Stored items
============

(* Let $L\geq 2$ be an integer and $N=L^2$ (so $N\geq 2$), and let $\lambda,\mu\in\mathbb{C}$ be nonzero. For $J\in\mathbb{C}$ consider the polynomial potential $V_J:\mathbb{C}^N\to\mathbb{C}$, $$V_J(q)=\sum_{i\in\Lambda}\Biggl[\frac{\lambda}{4!}q_i^4-\frac{\mu^2}{2}q_i^2+\frac{J}{4}\sum_{j\in\mathcal{N}(i)}(q_i-q_j)^2\Biggr],$$ where $\Lambda$, $\mathcal N(i)$ are as in the context. Let $\mathcal{A}(N,\lambda,\mu^2)$ be the set of pairs $(q,J)\in\mathbb{C}^N\times\mathbb{C}$ such that $\frac{\partial V_J}{\partial q_i}(q)=0$ for all $i=1,\dots,N$ and $\det \mathcal{H}_{V_J}(q)=0$, where $\mathcal{H}_{V_J}(q)=\bigl(\frac{\partial^2 V_J(q)}{\partial q_i\partial q_j}\bigr)_{i,j}$ is the Hessian matrix. Let $$\mathcal{S}(N,\lambda,\mu^2)=\{J\in\mathbb{C}\mid (q,J)\in\mathcal{A}(N,\lambda,\mu^2)\text{ for some } q\in\mathbb{C}^N\}$$ be the set of couplings $J$ for which $V_J$ has at least one singular (degenerate) complex stationary point. Then $\mathcal{S}(N,\lambda,\mu^2)$ is a finite subset of $\mathbb{C}$.
   Context: $\Lambda$ is the square lattice $\{1,\dots,L\}^2$ (periodic boundary conditions, i.e. the discrete torus $(\mathbb{Z}/L\mathbb{Z})^2$) with its $N=L^2$ sites labelled $1,\dots,N$, and $q=(q_1,\dots,q_N)$ assigns a variable $q_i$ to each site $i$. For $i\in\Lambda$, $\mathcal{N}(i)$ denotes the four nearest-neighbouring sites of $i$ on the periodic square lattice (counted with multiplicity if they coincide). This is the potential energy of the two-dimensional nearest-neighbour $\phi^4$ model with coupling $J$; here $q$ and $J$ are allowed to be complex. *)

theory Defs
  imports "HOL-Analysis.Derivative" "Jordan_Normal_Form.Determinant"
begin

text \<open>Sites of the periodic L x L lattice are labelled 0..<N (N = L^2); site k
  corresponds to the lattice point (k div L, k mod L) of the torus (Z/LZ)^2.\<close>

definition site :: "nat \<Rightarrow> nat \<Rightarrow> nat \<Rightarrow> nat" where
  "site L a b = (a mod L) * L + (b mod L)"

text \<open>The four nearest neighbours (with multiplicity) of site k.\<close>
definition nbrs :: "nat \<Rightarrow> nat \<Rightarrow> nat list" where
  "nbrs L k = (let a = k div L; b = k mod L in
     [site L (a + 1) b, site L (a + L - 1) b, site L a (b + 1), site L a (b + L - 1)])"

definition V :: "nat \<Rightarrow> complex \<Rightarrow> complex \<Rightarrow> complex \<Rightarrow> (nat \<Rightarrow> complex) \<Rightarrow> complex" where
  "V L lam mu J q = (\<Sum>i<L^2. lam / 24 * q i ^ 4 - mu^2 / 2 * q i ^ 2
      + J / 4 * sum_list (map (\<lambda>j. (q i - q j)^2) (nbrs L i)))"

definition pderiv_at :: "((nat \<Rightarrow> complex) \<Rightarrow> complex) \<Rightarrow> nat \<Rightarrow> (nat \<Rightarrow> complex) \<Rightarrow> complex" where
  "pderiv_at F i q = deriv (\<lambda>t. F (q(i := t))) (q i)"

definition hessian :: "((nat \<Rightarrow> complex) \<Rightarrow> complex) \<Rightarrow> nat \<Rightarrow> (nat \<Rightarrow> complex) \<Rightarrow> complex mat" where
  "hessian F N q = mat N N (\<lambda>(i, j). pderiv_at (pderiv_at F j) i q)"


definition A_set :: "nat \<Rightarrow> complex \<Rightarrow> complex \<Rightarrow> ((nat \<Rightarrow> complex) \<times> complex) set" where
  "A_set L lam mu = {(q, J). (\<forall>i\<ge>L^2. q i = 0)
      \<and> (\<forall>i<L^2. pderiv_at (V L lam mu J) i q = 0)
      \<and> det (hessian (V L lam mu J) (L^2) q) = 0}"

definition S_set :: "nat \<Rightarrow> complex \<Rightarrow> complex \<Rightarrow> complex set" where
  "S_set L lam mu = {J. \<exists>q. (q, J) \<in> A_set L lam mu}"

end

theory Submission
  imports Defs "HOL-Library.FuncSet"
begin

text \<open>On the critical set of \<open>V\<^sub>J\<close> every cube \<open>q\<^sub>i\<^sup>3\<close> is an affine function of \<open>q\<close> with
  coefficients polynomial in \<open>J\<close>. Hence, modulo the critical equations, every polynomial in
  \<open>(J, q)\<close> reduces to a \<open>\<complex>[J]\<close>-combination of the \<open>3\<^sup>N\<close> monomials with all exponents at most 2,
  and multiplication by the Hessian determinant \<open>h\<close> acts on these monomials through a square
  matrix \<open>R(J)\<close> over \<open>\<complex>[J]\<close>. At a degenerate critical point \<open>(q, J)\<close> the vector of monomial
  values is a nonzero kernel vector of \<open>R(J)\<close>, so \<open>det R(J) = 0\<close>. At \<open>J = 0\<close> the critical points
  include the grid \<open>{0, c, -c}\<^sup>N\<close> with \<open>c\<^sup>2 = 6\<mu>\<^sup>2/\<lambda>\<close>, all of them nondegenerate, and the
  monomials are linearly independent on this grid; so \<open>R(0)\<close> is invertible, \<open>det R\<close> is a nonzero
  polynomial, and it has only finitely many roots.\<close>

unbundle no vec_syntax

section \<open>Polynomial functions of the coupling and the field\<close>

text \<open>Multivariate polynomials in \<open>(J, q)\<close> are represented by the functions they define.\<close>

inductive_set poly_funs :: "nat \<Rightarrow> (complex \<Rightarrow> (nat \<Rightarrow> complex) \<Rightarrow> complex) set" for n where
  coeff: "(\<lambda>J q. poly c J) \<in> poly_funs n"
| var: "i < n \<Longrightarrow> (\<lambda>J q. q i) \<in> poly_funs n"
| add: "f \<in> poly_funs n \<Longrightarrow> g \<in> poly_funs n \<Longrightarrow> (\<lambda>J q. f J q + g J q) \<in> poly_funs n"
| mult: "f \<in> poly_funs n \<Longrightarrow> g \<in> poly_funs n \<Longrightarrow> (\<lambda>J q. f J q * g J q) \<in> poly_funs n"

lemma poly_funs_const: "(\<lambda>J q. c) \<in> poly_funs n"
  using poly_funs.coeff[of "[:c:]"] by simp

lemma poly_funs_divide_const:
  "f \<in> poly_funs n \<Longrightarrow> (\<lambda>J q. f J q / c) \<in> poly_funs n"
  using poly_funs.mult[OF _ poly_funs_const, of f n "inverse c"] by (simp add: divide_inverse)

lemma poly_funs_J: "(\<lambda>J q. J) \<in> poly_funs n"
  using poly_funs.coeff[of "[:0, 1:]"] by simp

lemma poly_funs_diff:
  "f \<in> poly_funs n \<Longrightarrow> g \<in> poly_funs n \<Longrightarrow> (\<lambda>J q. f J q - g J q) \<in> poly_funs n"
proof -
  assume "f \<in> poly_funs n" "g \<in> poly_funs n"
  then have "(\<lambda>J q. f J q + (-1) * g J q) \<in> poly_funs n"
    by (intro poly_funs.add poly_funs.mult poly_funs_const)
  then show ?thesis by simp
qed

============

*Activity:* Above are the records. Copy the lines beginning at the one that has "section \<open>Polynomial functions" and ending with the one that has "q. f J q + g", unchanged.

*The answer:*
section \<open>Polynomial functions of the coupling and the field\<close>

text \<open>Multivariate polynomials in \<open>(J, q)\<close> are represented by the functions they define.\<close>

inductive_set poly_funs :: "nat \<Rightarrow> (complex \<Rightarrow> (nat \<Rightarrow> complex) \<Rightarrow> complex) set" for n where
  coeff: "(\<lambda>J q. poly c J) \<in> poly_funs n"
| var: "i < n \<Longrightarrow> (\<lambda>J q. q i) \<in> poly_funs n"
| add: "f \<in> poly_funs n \<Longrightarrow> g \<in> poly_funs n \<Longrightarrow> (\<lambda>J q. f J q + g J q) \<in> poly_funs n"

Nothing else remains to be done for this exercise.